Immunity & Inflammation Theme, Translational and Clinical Research Institute, Faculty of Medical Sciences, Newcastle University, Newcastle upon Tyne, United Kingdom; Great North Children's Hospital (GNCH), Newcastle upon Tyne Hospitals NHS Foundation Trust, Newcastle upon Tyne, United Kingdom.
Department of Blood Cell Research, Sanquin Research, Amsterdam University Medical Centre, University of Amsterdam, Amsterdam, The Netherlands; Department of Pediatric Immunology, Rheumatology and Infectious Disease, Emma Children's Hospital, Amsterdam University Medical Centre, University of Amsterdam, Amsterdam, The Netherlands.
J Allergy Clin Immunol. 2021 Jun;147(6):2381-2385.e2. doi: 10.1016/j.jaci.2020.11.025. Epub 2020 Dec 3.
SMARCD2 (SWI/SNF-related, matrix-associated, actin-dependent regulator of chromatin, subfamily D, member 2) has recently been shown to have a critical role in granulopoiesis in humans, mice, and zebrafish. Our patient presented with delayed cord separation, failure to thrive, and sepsis. Retrospective whole-exome sequencing confirmed a homozygous splice-site mutation in SMARCD2.
We sought to provide the second description of human SMARCD2 deficiency and the first functional analysis of human primary SMARCD2-deficient cells.
Heparinized venous blood and bone marrow were collected from the patient after obtaining informed consent. Patient leukocytes and CD34 cells were then isolated, phenotyped, and assessed functionally.
Circulating neutrophils appeared phenotypically immature, lacking multilobed nuclei, and neutrophil granules lacked lactoferrin but showed normal levels of myeloperoxidase. Neutrophil oxidative burst was preserved in response to phorbol 12-myristate 13-acetate. Patient bone marrow-derived neutrophils and white blood cells showed a severely impaired chemotactic response. Furthermore, white blood cells showed defective in vitro killing of Staphylococcus aureus, consistent with a specific granule deficiency. Finally, patient bone marrow-derived CD34 cells showed markedly impaired in vitro expansion and differentiation toward the neutrophil lineage. Before her molecular diagnosis, our patient underwent hematopoietic stem cell transplantation and is well 8 years later.

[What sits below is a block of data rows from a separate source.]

lemma exists_thr_cycle_length_eq:
  assumes "2 \<le> count_list s True"
  shows "\<exists>c. thr_cycle s c \<and> int (length c) = int (rmost s) + 1 - hval (take (rmost s - 1) s)"
proof -
  define r where "r = rmost s"
  define t where "t = take (r - 1) s"
  have "True \<in> set s"
    using assms count_notin by fastforce
  then have "0 < r" and ct: "1 \<le> count_list t True"
    using assms rmost_pos count_True_take_rmost unfolding r_def t_def by auto
  then have r: "0 < r" "r \<le> length s" "s ! (r - 1)"
    using rmost_dominating unfolding r_def by auto
  have "hval t + 2 \<le> int r"
    using r ct hval_le_count_False[of t] count_list_False_True[of t] by (simp add: t_def)
  have "r - 1 \<le> length s"
    using r(2) by simp
  from path_cover_exists[OF this order.refl]
  obtain P where P: "path_cover s (r - 1) P" "length P \<le> 1"
    "int (length (concat P)) = int (r - 1) + 1 - max 0 (hval t)"
    unfolding t_def by auto
  have len: "int (length (concat P)) = int r - hval t"
    using P(3) hval_nonneg[of t] r(1) by (simp add: of_nat_diff)
  obtain p where p: "P = [p]"
    using P(2) len \<open>hval t + 2 \<le> int r\<close> by (cases P) auto
  have "thr_cycle s (p @ [r])"
    using P(1) len \<open>hval t + 2 \<le> int r\<close> r
    by (intro thr_cycle_close_path) (auto simp: p path_cover_def subset_iff)
  moreover have "int (length (p @ [r])) = int r + 1 - hval t"
    using len p by simp
  ultimately show ?thesis
    unfolding r_def t_def by blast
qed

lemma thr_cycle_adj:
  "thr_cycle s c \<Longrightarrow> i < length c \<Longrightarrow> thr_adj s (c ! i) (c ! (Suc i mod length c))"
  unfolding thr_cycle_def by simp
(* Let $\lambda_1,\lambda_2\ge0$ with $\lambda_1+\lambda_2(p-1)>0$, and let $w_i=\lambda_1+\lambda_2(p-i)$ for $i=1,\dots,p$ (the OSCAR weights). Let $\mathbf A\in\mathbb R^{n\times p}$ have columns with $\mathbf 1^T\mathbf a_k=0$ and $\|\mathbf a_k\|_2=1$ for all $k$, let $\rho_{ij}=\mathbf a_i^T\mathbf a_j$, and let $\mathbf y\in\mathbb R^n$. Let $\widehat{\mathbf x}$ be any minimizer of $\frac12\|\mathbf A\mathbf x-\mathbf y\|_2^2+\sum_{i=1}^p w_i|x|_{[i]}$ over $\mathbf x\in\mathbb R^p$. Then for every pair $(i,j)$ with $\|\mathbf y\|_2\sqrt{2-2\rho_{ij}\operatorname{sign}(\widehat x_i\widehat x_j)}<\lambda_2$, we have $|\widehat x_i|=|\widehat x_j|$.
   Context: $|x|_{[i]}$ denotes the $i$-th largest component of $\mathbf x$ in magnitude; $\mathbf a_k$ is the $k$-th column of $\mathbf A$; $\mathbf 1$ is the all-ones vector; $\operatorname{sign}$ denotes the sign function. *)

theory Defs
  imports Complex_Main
begin

text \<open>Vectors in R^p are functions nat => real, only indices k < p matter.
  Matrices in R^(n x p) are functions nat => nat => real, entry (r,k) with r < n, k < p.\<close>

definition sorted_abs :: "nat \<Rightarrow> (nat \<Rightarrow> real) \<Rightarrow> nat \<Rightarrow> real" where
  "sorted_abs p x i = rev (sort (map (\<lambda>k. \<bar>x k\<bar>) [0..<p])) ! (i - 1)"

definition oscar_weight :: "real \<Rightarrow> real \<Rightarrow> nat \<Rightarrow> nat \<Rightarrow> real" where
  "oscar_weight l1 l2 p i = l1 + l2 * (real p - real i)"
text \<open>Part (a): the event \<open>T = 0\<close> is the intersection, over all injective homomorphisms \<open>s\<close> of
  \<open>H\<close> into \<open>G\<^sub>n\<close>, of the decreasing events ``some vertex of \<open>s\<close> is unsampled'', each of
  probability \<open>1 - p\<^sup>k\<close>. By the Harris (FKG) inequality for product Bernoulli measures,
  \<open>P(T = 0) \<ge> (1 - p\<^sup>k)\<^bsup>|Aut H| N\<^esup>\<close>, and \<open>1 - q \<ge> exp (- q / (1 - q\<^sub>0))\<close> for \<open>q \<le> q\<^sub>0 < 1\<close>.

  Part (b): on \<open>T = 0\<close> the estimator \<open>N_hat\<close> vanishes and \<open>Z\<close> takes one fixed value. So both
  consistency and asymptotic normality force \<open>P(T = 0) \<rightarrow> 0\<close>; for the latter because weak
  convergence to an atomless law makes the largest atom tend to 0.\<close>

definition decreasing_event :: "('a \<Rightarrow> bool) set \<Rightarrow> bool" where
  "decreasing_event S \<longleftrightarrow> (\<forall>x\<in>S. \<forall>y\<le>x. y \<in> S)"

lemma decreasing_event_fun_upd:
  assumes "decreasing_event S"
  shows "decreasing_event {x. x(a := b) \<in> S}"
  unfolding decreasing_event_def
proof (intro ballI allI impI)
  fix x y :: "'a \<Rightarrow> bool"
  assume "x \<in> {x. x(a := b) \<in> S}" "y \<le> x"
  then have "x(a := b) \<in> S" "y(a := b) \<le> x(a := b)" by (auto simp: le_fun_def)
  then show "y \<in> {x. x(a := b) \<in> S}" using assms unfolding decreasing_event_def by blast
qed

lemma decreasing_event_fun_upd_True_subset:
  assumes "decreasing_event S"
  shows "{x. x(a := True) \<in> S} \<subseteq> {x. x(a := False) \<in> S}"
proof
  fix x :: "'a \<Rightarrow> bool"
  assume "x \<in> {x. x(a := True) \<in> S}"
  moreover have "x(a := False) \<le> x(a := True)" by (simp add: le_fun_def)
  ultimately show "x \<in> {x. x(a := False) \<in> S}" using assms unfolding decreasing_event_def by blast
qed

lemma prob_Pi_bernoulli_insert:
  assumes "finite I" "a \<notin> I" "0 \<le> q a" "q a \<le> 1"
  defines "P J \<equiv> Pi_pmf J False (\<lambda>i. bernoulli_pmf (q i))"
  shows "measure_pmf.prob (P (insert a I)) S =
           q a * measure_pmf.prob (P I) {x. x(a := True) \<in> S}
         + (1 - q a) * measure_pmf.prob (P I) {x. x(a := False) \<in> S}"
proof -
  have "P (insert a I) = bind_pmf (bernoulli_pmf (q a)) (\<lambda>b. map_pmf (\<lambda>x. x(a := b)) (P I))"
    using assms by (simp add: Pi_pmf_insert' map_pmf_def)
  then have "emeasure (P (insert a I)) S =
      emeasure (P I) {x. x(a := True) \<in> S} * ennreal (q a)
    + emeasure (P I) {x. x(a := False) \<in> S} * ennreal (1 - q a)"
    using assms by (simp add: emeasure_map_pmf[symmetric] vimage_def)
  then show ?thesis
    using assms by (simp add: measure_pmf.emeasure_eq_measure ennreal_mult'[symmetric]
        ennreal_plus[symmetric] del: ennreal_plus)
qed

lemma mixture_ge_product_of_mixtures:
  fixes t a b x0 x1 y0 y1 :: real
  assumes "0 \<le> t" "t \<le> 1" "a \<ge> x1 * y1" "b \<ge> x0 * y0" "x1 \<le> x0" "y1 \<le> y0"
  shows "t * a + (1 - t) * b \<ge> (t * x1 + (1 - t) * x0) * (t * y1 + (1 - t) * y0)"
proof -
  have "(t * x1 + (1 - t) * x0) * (t * y1 + (1 - t) * y0)
      = t * (x1 * y1) + (1 - t) * (x0 * y0) - t * (1 - t) * ((x0 - x1) * (y0 - y1))"
    by (simp add: algebra_simps)
  moreover have "t * (1 - t) * ((x0 - x1) * (y0 - y1)) \<ge> 0"
    using assms by simp
  moreover have "t * (x1 * y1) \<le> t * a" "(1 - t) * (x0 * y0) \<le> (1 - t) * b"
    using assms by (simp_all add: mult_left_mono)
  ultimately show ?thesis by linarith
qed

theorem harris_inequality:
  assumes "finite I" "\<And>i. 0 \<le> q i" "\<And>i. q i \<le> 1"
    and "decreasing_event S" "decreasing_event T"
  defines "P \<equiv> Pi_pmf I False (\<lambda>i. bernoulli_pmf (q i))"
  shows "measure_pmf.prob P S * measure_pmf.prob P T \<le> measure_pmf.prob P (S \<inter> T)"
  unfolding P_def using assms(1,4,5)
proof (induction I arbitrary: S T rule: finite_induct)
  case empty
  then show ?case by (simp add: indicator_def)
next
  case (insert a I)
  let ?pr = "measure_pmf.prob (Pi_pmf I False (\<lambda>i. bernoulli_pmf (q i)))"
  have slice_Int: "{x. x(a := b) \<in> S \<inter> T} = {x. x(a := b) \<in> S} \<inter> {x. x(a := b) \<in> T}" for b
    by auto
  have slices: "?pr {x. x(a := b) \<in> S} * ?pr {x. x(a := b) \<in> T}
      \<le> ?pr ({x. x(a := b) \<in> S} \<inter> {x. x(a := b) \<in> T})" for b
    using insert by (intro insert.IH decreasing_event_fun_upd)
  have "?pr {x. x(a := True) \<in> S} \<le> ?pr {x. x(a := False) \<in> S}"
       "?pr {x. x(a := True) \<in> T} \<le> ?pr {x. x(a := False) \<in> T}"
    using insert.prems
    by (auto intro!: measure_pmf.finite_measure_mono decreasing_event_fun_upd_True_subset)
  then show ?case
    unfolding prob_Pi_bernoulli_insert[OF insert(1,2) assms(2,3)] slice_Int
    using mixture_ge_product_of_mixtures[OF assms(2,3) slices slices] by blast
qed
lemma eval_subst: "eval cI fI a (subst \<gamma> t) = eval cI fI (\<lambda>x. eval cI fI a (\<gamma> x)) t"
proof (induction t)
  case (Fn f us)
  then have "map (eval cI fI a \<circ> subst \<gamma>) us = map (eval cI fI (\<lambda>x. eval cI fI a (\<gamma> x))) us"
    by auto
  then show ?case
    by (simp only: subst.simps eval.simps map_map)
qed auto

lemma atom_term_iff: "atom_term C u \<longleftrightarrow> u \<in> V ` UNIV \<union> Cn ` C"
  unfolding atom_term_def by blast

lemma atom_termE:
  assumes "atom_term C u"
  obtains x where "u = V x" | c where "u = Cn c" "c \<in> C"
  using assms unfolding atom_term_def by blast

lemma basic_term_FnD:
  "basic_term Fs ar C (Fn f w) \<Longrightarrow> f \<in> Fs \<and> length w = ar f \<and> (\<forall>u\<in>set w. atom_term C u)"
  unfolding basic_term_def atom_term_def by auto

lemma basic_term_cases:
  assumes "basic_term Fs ar C t"
  obtains "atom_term C t" | f w where "t = Fn f w" "basic_term Fs ar C (Fn f w)"
  using assms unfolding basic_term_def by auto

fun atom_val :: "('c \<Rightarrow> 'k) \<Rightarrow> (nat \<Rightarrow> 'k) \<Rightarrow> ('f, 'c) trm \<Rightarrow> 'k" where
  "atom_val cI \<beta> (V x) = \<beta> x"
| "atom_val cI \<beta> (Cn c) = cI c"
| "atom_val cI \<beta> (Fn f us) = undefined"

lemma eval_atom_term: "atom_term C u \<Longrightarrow> eval cI fI \<beta> u = atom_val cI \<beta> u"
  by (elim atom_termE) auto

lemma eval_basic_Fn:
  assumes "basic_term Fs ar C (Fn f w)"
  shows "eval cI fI a (Fn f w) = fI f (map (atom_val cI a) w)"
proof -
  have "\<forall>u\<in>set w. eval cI fI a u = atom_val cI a u"
    using basic_term_FnD[OF assms] eval_atom_term by blast
  then show ?thesis
    by (simp cong: map_cong)
qed
text \<open>Generalized Bayes rule.\<close>
definition lowerB :: "('a::topological_space set \<Rightarrow> real) \<Rightarrow> 'a set \<Rightarrow> 'a set \<Rightarrow> real" where
  "lowerB lP A B = (INF M\<in>core lP. measure M (A \<inter> B) / measure M B)"
definition upperB :: "('a::topological_space set \<Rightarrow> real) \<Rightarrow> 'a set \<Rightarrow> 'a set \<Rightarrow> real" where
  "upperB lP A B = (SUP M\<in>core lP. measure M (A \<inter> B) / measure M B)"

text \<open>Dempster's rule.\<close>
definition upperD :: "('a::topological_space set \<Rightarrow> real) \<Rightarrow> 'a set \<Rightarrow> 'a set \<Rightarrow> real" where
  "upperD lP A B = upperP lP (A \<inter> B) / upperP lP B"
definition lowerD :: "('a::topological_space set \<Rightarrow> real) \<Rightarrow> 'a set \<Rightarrow> 'a set \<Rightarrow> real" where
  "lowerD lP A B = 1 - upperD lP (- A) B"

text \<open>Geometric rule.\<close>
definition lowerG :: "('a::topological_space set \<Rightarrow> real) \<Rightarrow> 'a set \<Rightarrow> 'a set \<Rightarrow> real" where
  "lowerG lP A B = lP (A \<inter> B) / lP B"
definition upperG :: "('a::topological_space set \<Rightarrow> real) \<Rightarrow> 'a set \<Rightarrow> 'a set \<Rightarrow> real" where
  "upperG lP A B = 1 - lowerG lP (- A) B"

definition strictly_dilates ::
  "('a set \<Rightarrow> real) \<Rightarrow> ('a set \<Rightarrow> real) \<Rightarrow> ('a set \<Rightarrow> 'a set \<Rightarrow> real) \<Rightarrow> ('a set \<Rightarrow> 'a set \<Rightarrow> real)
    \<Rightarrow> 'a set set \<Rightarrow> 'a set \<Rightarrow> bool" where
  "strictly_dilates lP uP lc uc \<B> A \<longleftrightarrow>
     (SUP B\<in>\<B>. lc A B) < lP A \<and> lP A \<le> uP A \<and> uP A < (INF B\<in>\<B>. uc A B)"

definition dilates ::
  "('a set \<Rightarrow> real) \<Rightarrow> ('a set \<Rightarrow> real) \<Rightarrow> ('a set \<Rightarrow> 'a set \<Rightarrow> real) \<Rightarrow> ('a set \<Rightarrow> 'a set \<Rightarrow> real)
    \<Rightarrow> 'a set set \<Rightarrow> 'a set \<Rightarrow> bool" where
  "dilates lP uP lc uc \<B> A \<longleftrightarrow>
     lP A \<le> uP A \<and>
     (((SUP B\<in>\<B>. lc A B) \<le> lP A \<and> uP A < (INF B\<in>\<B>. uc A B)) \<or>
      ((SUP B\<in>\<B>. lc A B) < lP A \<and> uP A \<le> (INF B\<in>\<B>. uc A B)))"

definition borel_partition :: "'a::topological_space set set \<Rightarrow> bool" where
  "borel_partition \<B> \<longleftrightarrow>
     \<B> \<subseteq> sets (borel :: 'a measure) \<and> {} \<notin> \<B> \<and> \<Union>\<B> = UNIV \<and> disjoint \<B>"

end

theory Submission
  imports Defs
begin

text \<open>For every cell \<open>B\<close> of the partition, the interval of conditional probabilities given by the
  generalized Bayes rule contains the intervals given by Dempster's rule and by the Geometric rule:
  each measure \<open>M\<close> in the core satisfies \<open>lowerB * M B \<le> M (A \<inter> B) \<le> upperB * M B\<close>, and taking
  suprema resp. infima over the core (\<open>upperP B\<close> resp. \<open>lP B\<close> in place of \<open>M B\<close>) compares the
  Bayes bounds with the Dempster resp. Geometric ones. Replacing a rule by a rule with wider
  conditional intervals can only lower the supremum of the lower and raise the infimum of the upper
  conditional probabilities over the partition, so (strict) dilation is inherited.\<close>

lemma core_prob_space: "M \<in> core lP \<Longrightarrow> prob_space M"
  and sets_core: "M \<in> core lP \<Longrightarrow> sets M = sets borel"
  and core_dominates: "M \<in> core lP \<Longrightarrow> X \<in> sets borel \<Longrightarrow> lP X \<le> measure M X"
  unfolding core_def by auto
theorem theorem5p1:
  fixes g :: "real \<Rightarrow> nat"
  shows "\<exists>\<F> :: graph set. \<exists>\<epsilon> :: nat \<Rightarrow> real.
    (\<forall>H\<in>\<F>. wf_graph H) \<and> C4 \<in> \<F> \<and>
    (\<forall>k\<ge>1. 0 < \<epsilon> k \<and> \<epsilon> k < 1/2) \<and> \<epsilon> \<longlonglongrightarrow> 0 \<and>
    (\<forall>k\<ge>1. \<exists>n0. \<forall>n\<ge>n0. \<exists>G. wf_graph G \<and> card (verts G) = n \<and>
        far_from_free (\<epsilon> k) \<F> G \<and>
        (\<forall>S\<subseteq>verts G. card S = g (\<epsilon> k) \<longrightarrow> induced_free \<F> (induced_sub G S)))"
proof -
  define eps :: "nat \<Rightarrow> real" where "eps k = 1 / (4 * real (k + 5) ^ 2)" for k
  define m where "m k = max (Suc (g (eps k))) (k + 5)" for k
  have bounds: "0 < eps k \<and> eps k < 1/2" for k
    using power_mono[of 5 "real k + 5" 2] by (simp add: eps_def)
  have witness: "\<exists>G. wf_graph G \<and> card (verts G) = n \<and> far_from_free (eps k) (cycle_family m) G \<and>
      (\<forall>S\<subseteq>verts G. card S = g (eps k) \<longrightarrow> induced_free (cycle_family m) (induced_sub G S))"
    if "m k \<le> n" for k n
    using that wf_graph_cycle_blowup[of n "k + 5"] cycle_blowup_far_from_cycle_family[of k m n]
      cycle_blowup_small_induced_free[of _ n m k]
    by (intro exI[of _ "cycle_blowup n (k + 5)"]) (auto simp: eps_def m_def)
  show ?thesis
  proof (intro exI[of _ "cycle_family m"] exI[of _ eps] conjI)
    show "\<forall>H\<in>cycle_family m. wf_graph H" using wf_graph_cycle_family by blast
    show "C4 \<in> cycle_family m" by (simp add: cycle_family_def)
    show "\<forall>k\<ge>1. 0 < eps k \<and> eps k < 1/2" using bounds by blast
    show "eps \<longlonglongrightarrow> 0"
      unfolding eps_def by (rule LIMSEQ_one_over_four_square)
    show "\<forall>k\<ge>1. \<exists>n0. \<forall>n\<ge>n0. \<exists>G. wf_graph G \<and> card (verts G) = n \<and>
        far_from_free (eps k) (cycle_family m) G \<and>
        (\<forall>S\<subseteq>verts G. card S = g (eps k) \<longrightarrow> induced_free (cycle_family m) (induced_sub G S))"
      using witness by blast
  qed
qed

end
lemma nn_integral_glue_density_section:
  fixes g :: "'a \<Rightarrow> 'b::countable"
  assumes [measurable]: "g \<in> measurable M (count_space UNIV)" "S \<in> events"
    and "prob S > 0"
    and indep: "\<And>z. prob ({x\<in>space M. g x = z} \<inter> S) = prob {x\<in>space M. g x = z} * prob S"
  shows "AE x in M. (\<integral>\<^sup>+x'. glue_density M g (x, x') \<partial>uniform_measure M S) = 1"
  using AE_prob_level_set_nonzero[OF assms(1)] AE_space
proof eventually_elim
  case (elim x)
  define G where "G = {y\<in>space M. g y = g x}"
  have [measurable]: "G \<in> events" unfolding G_def by measurable
  have "emeasure (uniform_measure M S) G = ennreal (prob G * prob S) / ennreal (prob S)"
    using indep[of "g x"] by (simp add: emeasure_eq_measure G_def Int_commute)
  also have "\<dots> = ennreal (prob G)"
    using \<open>prob S > 0\<close> by (simp add: divide_ennreal)
  finally have emeasure_G: "emeasure (uniform_measure M S) G = ennreal (prob G)" .
  have "(\<integral>\<^sup>+x'. glue_density M g (x, x') \<partial>uniform_measure M S)
      = (\<integral>\<^sup>+x'. ennreal (1 / prob G) * indicator G x' \<partial>uniform_measure M S)"
    by (intro nn_integral_cong) (auto simp: glue_density_def G_def split: split_indicator)
  also have "\<dots> = ennreal (1 / prob G) * ennreal (prob G)"
    by (simp add: nn_integral_cmult_indicator emeasure_G)
  also have "\<dots> = 1"
    using elim by (simp add: G_def ennreal_mult''[symmetric])
  finally show ?case .
qed

end

locale gluing = prob_space +
  fixes g :: "'a \<Rightarrow> 'b::countable" and S T :: "'a set"
  assumes measurable_g [measurable]: "g \<in> measurable M (count_space UNIV)"
    and events_S_T [measurable]: "S \<in> events" "T \<in> events"
    and prob_S_T_pos: "prob S > 0" "prob T > 0"
    and indep_S: "\<And>z. prob ({x\<in>space M. g x = z} \<inter> S) = prob {x\<in>space M. g x = z} * prob S"
    and indep_T: "\<And>z. prob ({x\<in>space M. g x = z} \<inter> T) = prob {x\<in>space M. g x = z} * prob T"
begin

sublocale S: prob_space "uniform_measure M S"
  using prob_S_T_pos by (intro prob_space_uniform_measure) (auto simp: emeasure_eq_measure)

sublocale T: prob_space "uniform_measure M T"
  using prob_S_T_pos by (intro prob_space_uniform_measure) (auto simp: emeasure_eq_measure)

sublocale S_T: pair_sigma_finite "uniform_measure M S" "uniform_measure M T" ..

lemma sets_pair_uniform_measure: "sets (uniform_measure M S \<Otimes>\<^sub>M uniform_measure M T) = sets (M \<Otimes>\<^sub>M M)"
  by (intro sets_pair_measure_cong) simp_all

lemma borel_measurable_pair_uniform_measure:
  "f \<in> borel_measurable (M \<Otimes>\<^sub>M M) \<Longrightarrow> f \<in> borel_measurable (uniform_measure M S \<Otimes>\<^sub>M uniform_measure M T)"
  by (simp add: measurable_cong_sets[OF sets_pair_uniform_measure refl])

lemma nn_integral_glued_measure_fst:
  assumes [measurable]: "\<phi> \<in> borel_measurable M"
  shows "(\<integral>\<^sup>+xx. \<phi> (fst xx) \<partial>glued_measure M g S T) = (\<integral>\<^sup>+x. \<phi> x \<partial>uniform_measure M S)"
proof -
  have "(\<integral>\<^sup>+xx. \<phi> (fst xx) \<partial>glued_measure M g S T)
      = (\<integral>\<^sup>+xx. glue_density M g xx * \<phi> (fst xx) \<partial>(uniform_measure M S \<Otimes>\<^sub>M uniform_measure M T))"
    unfolding glued_measure_def
    by (simp add: nn_integral_density borel_measurable_pair_uniform_measure)
  also have "\<dots> = (\<integral>\<^sup>+x. \<integral>\<^sup>+x'. glue_density M g (x, x') * \<phi> x \<partial>uniform_measure M T \<partial>uniform_measure M S)"
    by (subst T.nn_integral_fst[symmetric]) (auto intro!: borel_measurable_pair_uniform_measure)
  also have "\<dots> = (\<integral>\<^sup>+x. (\<integral>\<^sup>+x'. glue_density M g (x, x') \<partial>uniform_measure M T) * \<phi> x \<partial>uniform_measure M S)"
    by (intro nn_integral_cong nn_integral_multc) auto
  also have "\<dots> = (\<integral>\<^sup>+x. \<phi> x \<partial>uniform_measure M S)"
    using nn_integral_glue_density_section[OF measurable_g events_S_T(2) prob_S_T_pos(2) indep_T]
    by (intro nn_integral_cong_AE AE_uniform_measureI) auto
  finally show ?thesis .
qed

lemma nn_integral_glued_measure_snd:
  assumes [measurable]: "\<psi> \<in> borel_measurable M"
  shows "(\<integral>\<^sup>+xx. \<psi> (snd xx) \<partial>glued_measure M g S T) = (\<integral>\<^sup>+x'. \<psi> x' \<partial>uniform_measure M T)"
proof -
  have "(\<integral>\<^sup>+xx. \<psi> (snd xx) \<partial>glued_measure M g S T)
      = (\<integral>\<^sup>+xx. glue_density M g xx * \<psi> (snd xx) \<partial>(uniform_measure M S \<Otimes>\<^sub>M uniform_measure M T))"
    unfolding glued_measure_def
    by (simp add: nn_integral_density borel_measurable_pair_uniform_measure)
  also have "\<dots> = (\<integral>\<^sup>+x'. \<integral>\<^sup>+x. glue_density M g (x', x) * \<psi> x' \<partial>uniform_measure M S \<partial>uniform_measure M T)"
    by (subst S_T.nn_integral_snd[symmetric])
       (auto intro!: borel_measurable_pair_uniform_measure simp: glue_density_commute)
  also have "\<dots> = (\<integral>\<^sup>+x'. (\<integral>\<^sup>+x. glue_density M g (x', x) \<partial>uniform_measure M S) * \<psi> x' \<partial>uniform_measure M T)"
    by (intro nn_integral_cong nn_integral_multc) auto
  also have "\<dots> = (\<integral>\<^sup>+x'. \<psi> x' \<partial>uniform_measure M T)"
    using nn_integral_glue_density_section[OF measurable_g events_S_T(1) prob_S_T_pos(1) indep_S]
    by (intro nn_integral_cong_AE AE_uniform_measureI) auto
  finally show ?thesis .
qed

This report highlights an important role for SMARCD2 in human myelopoiesis and the curative effect of hematopoietic stem cell transplantation for the hematopoietic features of SMARCD2 deficiency.
SMARCD2(SWI/SNF 相关、基质相关、肌动蛋白依赖性染色质调节剂,亚家族 D,成员 2)最近被证明在人类、小鼠和斑马鱼的粒细胞生成中具有关键作用。我们的患者表现为脐带延迟分离、生长不良和败血症。回顾性全外显子组测序证实 SMARCD2 存在纯合剪接位点突变。
我们旨在提供人类 SMARCD2 缺乏症的第二例描述,并首次对人类原发性 SMARCD2 缺陷细胞进行功能分析。
在获得知情同意后,从患者采集肝素化静脉血和骨髓。然后分离、表型分析和功能评估患者白细胞和 CD34 细胞。
循环中性粒细胞表型不成熟,缺乏多分叶核,中性粒细胞颗粒缺乏乳铁蛋白,但髓过氧化物酶水平正常。中性粒细胞氧化爆发对佛波醇 12-肉豆蔻酸 13-乙酸的反应保持不变。患者骨髓来源的中性粒细胞和白细胞表现出严重受损的趋化反应。此外,白细胞对金黄色葡萄球菌的体外杀伤能力存在缺陷,这与特异性颗粒缺陷一致。最后,患者骨髓来源的 CD34 细胞表现出体外向中性粒细胞系显著受损的扩增和分化。在分子诊断之前,我们的患者接受了造血干细胞移植,8 年后情况良好。
本报告强调了 SMARCD2 在人类髓系生成中的重要作用,以及造血干细胞移植对 SMARCD2 缺乏症的造血特征的治疗效果。